2. Holders of nominee registered shares
A holder of nominee registered shares has the right to participate in the General Meeting by virtue of such shares, based on which he/she on the record date of the General Meeting, i.e. on February 26, 2020, would be entitled to be registered in the shareholders’ register of the company held by Euroclear Finland Ltd. The right to participate in the General Meeting requires, in addition, that the shareholder based on such shares has been registered into the temporary shareholders’ register held by Euroclear Finland Ltd. no later than March 4, 2020 at 10 am. As regards nominee registered shares this constitutes due registration for the General Meeting.
A holder of nominee registered shares is advised to request without delay necessary instructions regarding the registration in the temporary shareholder’s register of the company, the issuing of proxy documents and registration for the General Meeting from his/her custodian bank. The account management organization of the custodian bank has to register a holder of nominee registered shares who wants to participate in the General Meeting into the temporary shareholders’ register of the company no later than the time stated above.
3. Proxy representative and powers of attorney
A shareholder may participate in the General Meeting and exercise his/her rights at the meeting by way of proxy representation.
A proxy representative shall produce a dated proxy document or otherwise in a reliable manner demonstrate his/her right to represent the shareholder at the General Meeting. When a shareholder participates in the General Meeting by means of several proxy representatives representing the shareholder with shares at different securities accounts, the shares by which each proxy representative represents the shareholder shall be identified in connection with the registration for the General Meeting.
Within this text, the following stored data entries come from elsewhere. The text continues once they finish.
lemma ramp_eq_zero: assumes "piece_end k \<le> r" shows "ramp k r = 0"
proof -
  have "(piece_end k - r) / piece_width k \<le> 0"
    using assms piece_width_pos[of k] by (simp add: divide_nonpos_pos)
  then show ?thesis by (simp add: ramp_def)
qed

lemma ramp_antimono: assumes "r \<le> r'" shows "ramp k r' \<le> ramp k r"
proof -
  have "(piece_end k - r') / piece_width k \<le> (piece_end k - r) / piece_width k"
    using assms piece_width_pos[of k] by (simp add: divide_right_mono)
  then show ?thesis by (simp add: ramp_def)
qed

lemma borel_measurable_ramp [measurable]: "ramp k \<in> borel_measurable borel"
  unfolding ramp_def using piece_width_pos[of k]
  by (intro borel_measurable_continuous_onI continuous_intros) auto

lemma summable_mass_ramp: "summable (\<lambda>k. mass k * ramp k r)"
proof (rule summable_comparison_test'[OF summable_mass, of 0])
  fix k
  show "norm (mass k * ramp k r) \<le> mass k"
    using mass_pos[of k] ramp_nonneg[of k r] ramp_le_one[of k r]
    by (simp add: mult_left_le_one_le)
qed

lemma step_hat_nonneg: "0 \<le> step_hat r"
  unfolding step_hat_def
  by (rule suminf_nonneg[OF summable_mass_ramp]) (simp add: mass_pos less_imp_le ramp_nonneg)

lemma step_hat_antimono: "r \<le> r' \<Longrightarrow> step_hat r' \<le> step_hat r"
  unfolding step_hat_def
  by (rule suminf_le[OF _ summable_mass_ramp summable_mass_ramp])
    (simp add: mass_pos ramp_antimono mult_left_mono less_imp_le)

lemma step_hat_split:
  "step_hat r = (\<Sum>j. mass (j + k) * ramp (j + k) r) + (\<Sum>j<k. mass j * ramp j r)"
  unfolding step_hat_def by (rule suminf_split_initial_segment[OF summable_mass_ramp])

lemma step_hat_le_tail:
  assumes "\<forall>j<k. piece_end j \<le> r" shows "step_hat r \<le> tail k"
proof -
  have "(\<Sum>j<k. mass j * ramp j r) = 0" using assms ramp_eq_zero by simp
  moreover have "(\<Sum>j. mass (j + k) * ramp (j + k) r) \<le> (\<Sum>j. mass (j + k))"
    using mass_pos ramp_le_one ramp_nonneg
      summable_ignore_initial_segment[OF summable_mass_ramp[of r], of k]
      summable_ignore_initial_segment[OF summable_mass, of k]
    by (intro suminf_le) (auto intro!: mult_left_le_one_le less_imp_le)
  ultimately show ?thesis using step_hat_split[of r k] mass_sums_tail[of k] by (simp add: sums_iff)
qed

lemma tail_le_step_hat:
  assumes "r \<le> piece_start k" shows "tail k \<le> step_hat r"
proof -
  have "(\<Sum>j<k. mass j * ramp j r) \<ge> 0"
    by (intro sum_nonneg) (simp add: mass_pos less_imp_le ramp_nonneg)
  moreover have "ramp (j + k) r = 1" for j
    using assms piece_start_mono[of k "j + k"] by (intro ramp_eq_one) simp
  then have "(\<Sum>j. mass (j + k) * ramp (j + k) r) = tail k"
    using mass_sums_tail[of k] by (simp add: sums_iff)
  ultimately show ?thesis using step_hat_split[of r k] by simp
qed

lemma step_hat_pos: assumes "r < 1" shows "0 < step_hat r"
proof -
  obtain k where "r \<le> piece_start k" using ex_piece_start_ge[OF assms] by blast
  then show ?thesis using tail_le_step_hat tail_pos[of k] by (meson less_le_trans)
qed

definition step_weight :: "real \<Rightarrow> real" where
  "step_weight s = (\<Sum>k. (mass k / piece_width k) * indicator {piece_start k..<piece_end k} s)"

lemma integral_piece_right_of:
  fixes r :: real and k :: nat
  defines "g \<equiv> \<lambda>s. indicator {r..<1} s *\<^sub>R ((mass k / piece_width k) * indicator {piece_start k..<piece_end k} s)"
  shows "integrable lborel g" and "integral\<^sup>L lborel g = mass k * ramp k r"
proof -
  let ?I = "{max r (piece_start k)..<piece_end k}"
  have g: "g = (\<lambda>s. (mass k / piece_width k) * indicator ?I s)"
    using piece_end_less_one[of k] by (auto simp: g_def indicator_def)
  have "emeasure lborel ?I < \<infinity>"
    by (cases "max r (piece_start k) \<le> piece_end k") auto
  then show "integrable lborel g"
    unfolding g by (intro integrable_mult_right integrable_real_indicator) simp_all
  have "integral\<^sup>L lborel g = (mass k / piece_width k) * measure lborel ?I"
    unfolding g by simp
  also have "\<dots> = mass k * ramp k r"
  proof (cases "r \<le> piece_start k")
    case True
    then show ?thesis
      using ramp_eq_one[OF True] piece_end_minus_start[of k] piece_start_less_end[of k]
        piece_width_pos[of k] by simp
  next
    case False
    show ?thesis
    proof (cases "r < piece_end k")
      case True
      have "(piece_end k - r) / piece_width k \<le> 1" "0 \<le> (piece_end k - r) / piece_width k"
        using False True piece_end_minus_start[of k] piece_width_pos[of k] by simp_all
      then have "ramp k r = (piece_end k - r) / piece_width k" by (simp add: ramp_def)
      then show ?thesis using False True by simp
    next
      case False
      then show ?thesis using ramp_eq_zero[of k r] \<open>\<not> r \<le> piece_start k\<close> by simp
    qed
  qed
  finally show "integral\<^sup>L lborel g = mass k * ramp k r" .
qed

lemma step_weight_integral:
  shows "set_integrable lborel {r..<1} step_weight"
    and "(LINT s:{r..<1}|lborel. step_weight s) = step_hat r"
proof -
  let ?g = "\<lambda>k s. indicator {r..<1} s *\<^sub>R
    ((mass k / piece_width k) * indicator {piece_start k..<piece_end k} s)"
  have series: "(\<lambda>s. indicator {r..<1} s *\<^sub>R step_weight s) = (\<lambda>s. \<Sum>k. ?g k s)"
    unfolding step_weight_def real_scaleR_def by (rule ext, rule suminf_mult[OF summable_over_pieces, symmetric])
  have summ: "AE s in lborel. summable (\<lambda>k. norm (?g k s))"
    by (rule AE_I2, rule summable_finite[OF finite_pieces_containing]) (auto simp: indicator_def)
  have norm: "\<And>k. (\<lambda>s. norm (?g k s)) = ?g k"
    using mass_pos piece_width_pos by (auto simp: indicator_def less_imp_le intro!: ext)
  have sums: "summable (\<lambda>k. \<integral>s. norm (?g k s) \<partial>lborel)"
    unfolding norm integral_piece_right_of(2) by (rule summable_mass_ramp)
  note int = integral_piece_right_of(1)
  show "set_integrable lborel {r..<1} step_weight"
    unfolding set_integrable_def series by (rule integrable_suminf[OF int summ sums])
  show "(LINT s:{r..<1}|lborel. step_weight s) = step_hat r"
    unfolding set_lebesgue_integral_def series integral_suminf[OF int summ sums]
      integral_piece_right_of(2) step_hat_def ..
qed

lemma omega_hat_step_weight: "omega_hat step_weight = step_hat"
  unfolding omega_hat_def using step_weight_integral(2) by blast

lemma step_weight_nonneg: "0 \<le> step_weight s"
  unfolding step_weight_def
  by (rule suminf_nonneg[OF summable_over_pieces]) (simp add: mass_pos piece_width_pos less_imp_le)

lemma radial_weight_step_weight: "radial_weight step_weight"
  unfolding radial_weight_def omega_hat_step_weight
  using step_weight_nonneg step_weight_integral(1)[of 0] step_hat_pos by auto

lemma step_weight_not_in_D_hat: "step_weight \<notin> D_hat"
proof
  assume "step_weight \<in> D_hat"
  then obtain C where C: "C \<ge> 1" "\<forall>r\<in>{0..<1}. step_hat r \<le> C * step_hat ((1 + r) / 2)"
    by (auto simp: D_hat_def omega_hat_step_weight)
  obtain n where "C < 2 ^ n" using real_arch_pow[of 2 C] by auto
  moreover have "(2::real) ^ n \<le> 2 ^ (2 * n + 1)" by (rule power_increasing) auto
  ultimately have "C * tail (Suc n) < tail n"
    using tail_eq_power_tail_Suc[of n] tail_pos[of "Suc n"] by simp
  moreover have "piece_start n \<in> {0..<1}"
    using piece_start_nonneg[of n] piece_start_less_end[of n] piece_end_less_one[of n] by simp
  then have "step_hat (piece_start n) \<le> C * step_hat (piece_end n)"
    using C(2) piece_end_midpoint[of n] by metis
  moreover have "tail n \<le> step_hat (piece_start n)" by (rule tail_le_step_hat) simp
  moreover have "step_hat (piece_end n) \<le> tail (Suc n)" by (rule step_hat_le_tail) (simp add: piece_end_mono)
  ultimately show False using C(1) by (smt (verit) mult_left_mono)
qed
(* Let $Y$ be a real-valued random variable (representing the conditional distribution of the potential reward $R(a,x)$ given $A=a$, $X=x$) with finite second moment, and let $\alpha\ge 0$. Consider the problem $$\min_{D}\ \mathbb{E}\big[Y\,D(Y)\big]$$ over measurable functions $D:\mathbb{R}\to\mathbb{R}$ subject to (i) $D(r)\ge 0$ for all $r$, (ii) $\mathbb{E}[D(Y)]=1$, and (iii) $D(r_1)\le e^{2\alpha} D(r_2)$ for all $r_1,r_2$. Then the optimal value of this problem equals $\lambda^*$, where $\lambda^*$ is a minimizer over $\lambda\in\mathbb{R}$ of $$\mathbb{E}\big[\ell_\alpha(Y,\lambda)\big],\qquad \ell_\alpha(y,\lambda)=\{y-\lambda\}_+^2+e^{2\alpha}\{y-\lambda\}_-^2 ,$$ where $\{t\}_+=\max(t,0)$ and $\{t\}_-=\max(-t,0)$. Equivalently, with conditioning on $A=a$, $X=x$, the value $\min_D \mathbb{E}[R(a,x)D(R(a,x))\mid A=a,X=x]$ equals $f^*_{a,a'}(x)$, where $f^*_{a,a'}$ minimizes $\mathbb{E}[\ell_\alpha(R(a,x),f_{a,a'}(x))\mid A=a,X=x]$ over functions $f_{a,a'}$.
   Context: In the paper, $D$ plays the role of the Radon–Nikodym ratio $D(r,x,a,a')=\mathrm{d}P_{R(a,x)\mid A=a',X=x}/\mathrm{d}P_{R(a,x)\mid A=a,X=x}(r)$ between conditional laws of the potential reward under a perturbed logging policy, and the constrained minimum gives a lower bound on $\mathbb{E}[R(a,x)\mid A=a',X=x]$ under uncertainty level $\alpha$. *)

theory Defs
  imports "HOL-Probability.Probability"
begin

definition pos_part :: "real \<Rightarrow> real" where
  "pos_part t = max t 0"

definition neg_part :: "real \<Rightarrow> real" where
  "neg_part t = max (- t) 0"

definition ell_alpha :: "real \<Rightarrow> real \<Rightarrow> real \<Rightarrow> real" where
  "ell_alpha \<alpha> y lam = (pos_part (y - lam))\<^sup>2 + exp (2 * \<alpha>) * (neg_part (y - lam))\<^sup>2"
(* In the setting below, there is $C_\omega>0$ such that whenever $B$ is a $d_\rho$-ball in $\widehat X$ with center $(x_0,y_0)$ and radius $R>0$ such that $\infty\notin2B$, then for every $(x,y)\in B$: $\omega(x_0,y_0)/C_\omega\le\omega(x,y)\le C_\omega\omega(x_0,y_0)$, $\rho(x_0,y_0)/C_\omega\le\rho(x,y)\le C_\omega\rho(x_0,y_0)$, and $\frac{\rho(x_0,y_0)}{C_\omega}d((x_0,y_0),(x,y))\le d_\rho((x_0,y_0),(x,y))\le C_\omega\rho(x_0,y_0)d((x_0,y_0),(x,y))$; and if in addition $y_0\ge1$ and $y>1$, then $\frac1{C_\omega(\beta-1)}\big|y_0^{1-\beta}-y^{1-\beta}\big|+\frac{d_Z(x,x_0)}{C_\omega y_0^\beta}\le d_\rho((x,y),(x_0,y_0))\le\frac{C_\omega}{\beta-1}\big|y_0^{1-\beta}-y^{1-\beta}\big|+\frac{C_\omega}{y_0^\beta}d_Z(x,x_0)$.
   Context: Setting: $(Z,d_Z,\mu_Z)$ is a compact doubling metric measure space that is geodesic and supports a $2$-Poincaré inequality. Fix $-1<a<1$ and $\beta>1$. Let $X=Z\times[0,\infty)$ with metric $d((x_1,y_1),(x_2,y_2))=\max\{d_Z(x_1,x_2),|y_1-y_2|\}$ and measure $d\mu_X(x,y)=y^a\,d\mu_Z(x)\,dy$. Set $\rho(x,y)=\min\{1,y^{-\beta}\}$, $\omega(x,y)=\min\{1,y^{-2\beta}\}$, $d_\rho(p_1,p_2)=\inf_\gamma\int_\gamma\rho\,ds$ (infimum over rectifiable curves in $X$ joining $p_1,p_2$), and $\mu_\omega=\omega\,\mu_X$. Let $\widehat X=X\cup\{\infty\}$ with $d_\rho((x,y),\infty)=\int_y^\infty\rho(x,t)\,dt$. For a ball $B$ of center $c$ and radius $R$, $2B$ is the ball of center $c$ and radius $2R$. *)

theory Defs
  imports "HOL-Analysis.Analysis"
begin

definition curve_length :: "('p \<Rightarrow> 'p \<Rightarrow> real) \<Rightarrow> (real \<Rightarrow> 'p) \<Rightarrow> real \<Rightarrow> real \<Rightarrow> ennreal" where
  "curve_length d \<gamma> a b =
     (SUP ts \<in> {ts. sorted ts \<and> set ts \<subseteq> {a..b}}.
        ennreal (sum_list (map2 (\<lambda>s t. d (\<gamma> s) (\<gamma> t)) ts (tl ts))))"

definition curve_cont :: "('p \<Rightarrow> 'p \<Rightarrow> real) \<Rightarrow> (real \<Rightarrow> 'p) \<Rightarrow> real \<Rightarrow> real \<Rightarrow> bool" where
  "curve_cont d \<gamma> a b \<longleftrightarrow>
     (\<forall>t\<in>{a..b}. \<forall>e>0. \<exists>\<delta>>0. \<forall>s\<in>{a..b}. \<bar>s - t\<bar> < \<delta> \<longrightarrow> d (\<gamma> s) (\<gamma> t) < e)"
(* Let $\mathcal F\subseteq\mathcal O(A)$ be a conservative symmetric clone and $n\ge2$ a natural number. (1) If $\mathcal F$ contains an $n$-ary function $f$ that is not a projection but whose restriction to $A^n_{<n}$ coincides with the restriction of some projection $e^n_i$, then $\mathcal F$ satisfies $\Delta^s_n$. (2) If $\mathcal F$ contains a $\partial$-function, then $\mathcal F$ satisfies $\Delta^\partial$. (3) If $\mathcal F$ contains an $\ell$-function, then $\mathcal F$ satisfies $\Delta^s_3$.
   Context: $\mathcal O(A)=\bigcup_{n<\omega}A^{A^n}$; $\mathcal F_{[n]}=\mathcal F\cap A^{A^n}$; $S_A$ the permutations of $A$. Elements of $A^n$ are $\mathbf x=x_0\dots x_{n-1}$, $\mathrm{ran}\,\mathbf x$ the set of entries, $A^n_k=\{\mathbf x:|\mathrm{ran}\,\mathbf x|=k\}$, $A^n_{<n}=\bigcup_{k<n}A^n_k$; projections $e^n_i(\mathbf x)=x_i$. A clone with carrier $A$ is a subset of $\mathcal O(A)$ containing all projections and closed under composition; conservative if $f(\mathbf a)\in\mathrm{ran}\,\mathbf a$ for all members; symmetric if $f_\sigma(\mathbf a)=\sigma^{-1}(f(\sigma(\mathbf a)))$ is a member for each member $f$ and $\sigma\in S_A$. A $\partial$-function is $\partial\in\mathcal O(A)_{[3]}$ with $\partial(xxy)=\partial(xyx)=\partial(yxx)=x$ for all $x,y\in A$; an $\ell$-function is $\ell\in\mathcal O(A)_{[3]}$ with $\ell(x,y,y)=\ell(y,x,y)=\ell(y,y,x)=x$ for all $x,y\in A$. $\Delta^s_n$: there is $i<n$ such that for every $\mathbf a\in A^n_n$ and $a\in\mathrm{ran}\,\mathbf a$ there is $s\in\mathcal F_{[n]}$ with $s(\mathbf a)=a$ and $s(\mathbf x)=x_i$ for all $\mathbf x\in A^n_{<n}$. $\Delta^\partial$: for every $\mathbf a\in A^3_3$ and $a\in\mathrm{ran}\,\mathbf a$ there is a $\partial$-function $\partial\in\mathcal F$ with $\partial(\mathbf a)=a$. *)

theory Defs
  imports Main
begin

text \<open>An n-ary operation on the carrier A is represented as a pair (n, f) with
 f :: 'a list => 'a; tuples of A^n are lists of length n over A.\<close>

type_synonym 'a op = "nat \<times> ('a list \<Rightarrow> 'a)"

definition tuples :: "'a set \<Rightarrow> nat \<Rightarrow> 'a list set" where
  "tuples A n = {xs. length xs = n \<and> set xs \<subseteq> A}"

definition ops :: "'a set \<Rightarrow> 'a op set" where
  "ops A = {(n, f). (\<forall>xs \<in> tuples A n. f xs \<in> A) \<and> (\<forall>xs. xs \<notin> tuples A n \<longrightarrow> f xs = undefined)}"

definition proj :: "'a set \<Rightarrow> nat \<Rightarrow> nat \<Rightarrow> 'a op" where
  "proj A n i = (n, \<lambda>xs. if xs \<in> tuples A n then xs ! i else undefined)"

definition compose :: "'a set \<Rightarrow> ('a list \<Rightarrow> 'a) \<Rightarrow> ('a list \<Rightarrow> 'a) list \<Rightarrow> nat \<Rightarrow> 'a op" where
  "compose A f gs m = (m, \<lambda>xs. if xs \<in> tuples A m then f (map (\<lambda>g. g xs) gs) else undefined)"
Any proxy documents should be delivered in originals to Evli Bank Plc, AGM, P.O. Box 1081, FI-00101 Helsinki before the last date for registration.
4. Other instructions and information
Pursuant to chapter 5, section 25 of the Limited Liability Companies Act, a shareholder who is present at the General Meeting has the right to request information with respect to the matters to be considered at the meeting.
On the date of this notice to the General Meeting February 7, 2020, the total number of shares of Evli Bank Plc is 23,901,420 shares divided into 15,160,875 series A shares and 8,740,545 series B shares. According to the Articles of Association, each A share entitles the holder to twenty (20) votes and each B share to one (1) vote at the General Meeting.
Breakfast will be served to the shareholders before the General Meeting, starting at 9.30 am.
Helsinki, February 7, 2020
EVLI BANK PLC
Board of Directors
For additional information, please contact:
Mikaela Herrala, Manager, Marketing & Communications, Evli Bank Plc, tel. +358 50 544 5740, mikaela.herrala@evli.com
Evli Bank Plc
Evli is a bank specialized in investments that helps institutions, corporations and private persons increase their wealth. The product and service offering includes mutual funds, asset management and capital markets services, alternative investment products, equity research, administration of incentive programs and Corporate Finance services. The company also offers banking services that support clients' investment operations. Evli is the highest ranked and most used institutional asset manager in Finland*.
Evli has a total of EUR 14.3 billion in client assets under management (net 12/2019). The Evli Group's equity capital totals EUR 81.7 million and its BIS capital adequacy ratio is 15.1 percent (December 31, 2019). The company has around 250 employees. Evli Bank Plc's B shares are listed on Nasdaq Helsinki Ltd.
*KANTAR SIFO Prospera External Asset Management Finland 2015, 2016, 2017, 2018, 2019 and SFR Scandinavian Financial Research Institutional Investment Services, Finland 2015, 2016, 2017, 2018.